▶ **Description of the task**
The word "lemma": in how many lines of the records does it appear? Reply with the number alone.

┄┄┄┄┄┄

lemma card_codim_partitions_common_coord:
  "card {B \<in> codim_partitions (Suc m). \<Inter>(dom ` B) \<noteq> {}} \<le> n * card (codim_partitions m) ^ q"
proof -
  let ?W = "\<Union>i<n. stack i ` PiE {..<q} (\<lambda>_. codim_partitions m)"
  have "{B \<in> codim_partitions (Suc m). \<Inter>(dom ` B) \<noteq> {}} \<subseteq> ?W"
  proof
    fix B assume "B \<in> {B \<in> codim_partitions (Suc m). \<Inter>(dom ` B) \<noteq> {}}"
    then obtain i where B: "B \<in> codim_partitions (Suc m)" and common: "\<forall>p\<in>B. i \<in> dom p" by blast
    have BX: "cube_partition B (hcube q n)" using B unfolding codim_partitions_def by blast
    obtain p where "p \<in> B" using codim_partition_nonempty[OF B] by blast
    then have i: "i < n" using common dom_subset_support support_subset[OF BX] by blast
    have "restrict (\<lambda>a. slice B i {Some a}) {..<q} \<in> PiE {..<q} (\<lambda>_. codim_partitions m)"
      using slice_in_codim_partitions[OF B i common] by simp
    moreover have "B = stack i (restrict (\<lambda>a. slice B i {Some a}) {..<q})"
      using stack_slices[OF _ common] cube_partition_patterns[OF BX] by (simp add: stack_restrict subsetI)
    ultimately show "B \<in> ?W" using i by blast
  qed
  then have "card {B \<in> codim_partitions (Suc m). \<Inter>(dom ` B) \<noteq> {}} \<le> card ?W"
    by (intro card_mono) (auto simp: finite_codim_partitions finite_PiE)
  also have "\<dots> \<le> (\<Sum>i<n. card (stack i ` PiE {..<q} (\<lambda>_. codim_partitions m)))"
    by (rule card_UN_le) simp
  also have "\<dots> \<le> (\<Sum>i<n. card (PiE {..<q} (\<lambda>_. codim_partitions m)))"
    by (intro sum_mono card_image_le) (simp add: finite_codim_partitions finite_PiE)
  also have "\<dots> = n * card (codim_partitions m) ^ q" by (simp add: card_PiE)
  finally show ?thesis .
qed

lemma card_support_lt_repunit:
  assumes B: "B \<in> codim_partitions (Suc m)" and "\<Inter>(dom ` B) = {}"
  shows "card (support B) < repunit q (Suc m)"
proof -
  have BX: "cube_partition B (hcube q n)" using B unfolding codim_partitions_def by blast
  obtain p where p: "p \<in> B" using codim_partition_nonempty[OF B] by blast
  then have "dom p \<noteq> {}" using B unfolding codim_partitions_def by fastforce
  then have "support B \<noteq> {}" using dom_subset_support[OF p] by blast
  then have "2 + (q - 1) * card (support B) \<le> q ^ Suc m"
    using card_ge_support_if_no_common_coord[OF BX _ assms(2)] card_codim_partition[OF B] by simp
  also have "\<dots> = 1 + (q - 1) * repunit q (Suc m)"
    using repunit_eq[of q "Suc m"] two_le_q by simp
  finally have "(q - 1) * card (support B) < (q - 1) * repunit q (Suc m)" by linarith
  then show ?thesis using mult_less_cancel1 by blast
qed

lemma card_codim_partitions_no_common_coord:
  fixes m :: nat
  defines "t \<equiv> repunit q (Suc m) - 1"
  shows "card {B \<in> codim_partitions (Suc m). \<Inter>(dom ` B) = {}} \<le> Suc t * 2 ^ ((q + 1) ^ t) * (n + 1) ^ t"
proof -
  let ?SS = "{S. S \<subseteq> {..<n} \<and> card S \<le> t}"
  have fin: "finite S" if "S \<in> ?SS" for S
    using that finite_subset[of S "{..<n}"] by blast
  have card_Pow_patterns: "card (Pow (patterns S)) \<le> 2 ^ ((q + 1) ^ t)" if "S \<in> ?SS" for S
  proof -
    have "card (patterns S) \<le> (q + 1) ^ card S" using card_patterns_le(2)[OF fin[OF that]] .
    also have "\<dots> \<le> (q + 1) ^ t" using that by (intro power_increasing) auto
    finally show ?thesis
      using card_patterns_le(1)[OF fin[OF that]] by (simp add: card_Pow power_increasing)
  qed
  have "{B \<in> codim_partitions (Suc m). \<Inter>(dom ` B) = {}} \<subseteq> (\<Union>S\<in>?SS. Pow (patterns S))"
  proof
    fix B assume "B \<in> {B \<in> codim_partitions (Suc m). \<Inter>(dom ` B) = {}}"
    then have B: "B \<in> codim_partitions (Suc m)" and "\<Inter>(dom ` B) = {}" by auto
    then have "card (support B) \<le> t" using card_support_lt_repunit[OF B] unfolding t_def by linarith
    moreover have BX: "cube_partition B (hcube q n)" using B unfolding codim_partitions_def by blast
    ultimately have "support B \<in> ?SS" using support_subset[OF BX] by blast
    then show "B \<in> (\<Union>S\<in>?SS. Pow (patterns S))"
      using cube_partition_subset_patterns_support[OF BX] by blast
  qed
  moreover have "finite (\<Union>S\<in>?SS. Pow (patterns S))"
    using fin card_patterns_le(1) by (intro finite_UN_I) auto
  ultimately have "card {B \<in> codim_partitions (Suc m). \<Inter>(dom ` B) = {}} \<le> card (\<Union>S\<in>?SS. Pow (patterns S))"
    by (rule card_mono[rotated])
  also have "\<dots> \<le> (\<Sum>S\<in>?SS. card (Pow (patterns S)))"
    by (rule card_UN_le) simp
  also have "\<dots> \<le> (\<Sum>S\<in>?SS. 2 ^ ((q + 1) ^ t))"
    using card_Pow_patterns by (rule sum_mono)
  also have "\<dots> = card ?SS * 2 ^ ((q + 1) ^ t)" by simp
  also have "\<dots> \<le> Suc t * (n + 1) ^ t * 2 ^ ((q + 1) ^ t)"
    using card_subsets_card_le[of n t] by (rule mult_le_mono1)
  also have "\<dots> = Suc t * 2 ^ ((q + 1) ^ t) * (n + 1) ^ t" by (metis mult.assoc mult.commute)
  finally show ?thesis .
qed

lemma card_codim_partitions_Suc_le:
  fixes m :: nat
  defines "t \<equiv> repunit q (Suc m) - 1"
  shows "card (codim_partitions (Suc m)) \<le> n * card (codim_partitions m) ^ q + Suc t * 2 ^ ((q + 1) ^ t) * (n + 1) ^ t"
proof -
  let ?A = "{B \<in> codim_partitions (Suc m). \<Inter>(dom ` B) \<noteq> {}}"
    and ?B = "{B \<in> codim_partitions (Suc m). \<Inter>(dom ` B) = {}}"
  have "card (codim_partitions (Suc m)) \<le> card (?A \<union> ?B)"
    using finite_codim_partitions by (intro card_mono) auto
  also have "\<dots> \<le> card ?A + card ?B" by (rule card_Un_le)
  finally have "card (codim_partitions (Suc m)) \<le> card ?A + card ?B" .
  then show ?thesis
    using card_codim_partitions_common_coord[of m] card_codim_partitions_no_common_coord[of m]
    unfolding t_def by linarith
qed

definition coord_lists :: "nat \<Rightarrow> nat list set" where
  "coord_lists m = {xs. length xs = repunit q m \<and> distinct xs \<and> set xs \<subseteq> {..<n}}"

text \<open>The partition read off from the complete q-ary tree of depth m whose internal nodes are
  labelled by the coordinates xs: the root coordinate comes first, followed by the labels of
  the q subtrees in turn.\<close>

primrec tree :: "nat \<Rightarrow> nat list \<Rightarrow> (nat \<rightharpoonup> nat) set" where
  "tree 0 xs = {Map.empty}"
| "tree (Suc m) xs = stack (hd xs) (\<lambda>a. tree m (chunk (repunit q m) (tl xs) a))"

┄┄┄┄┄┄

▶ **Solution for this exercise**
4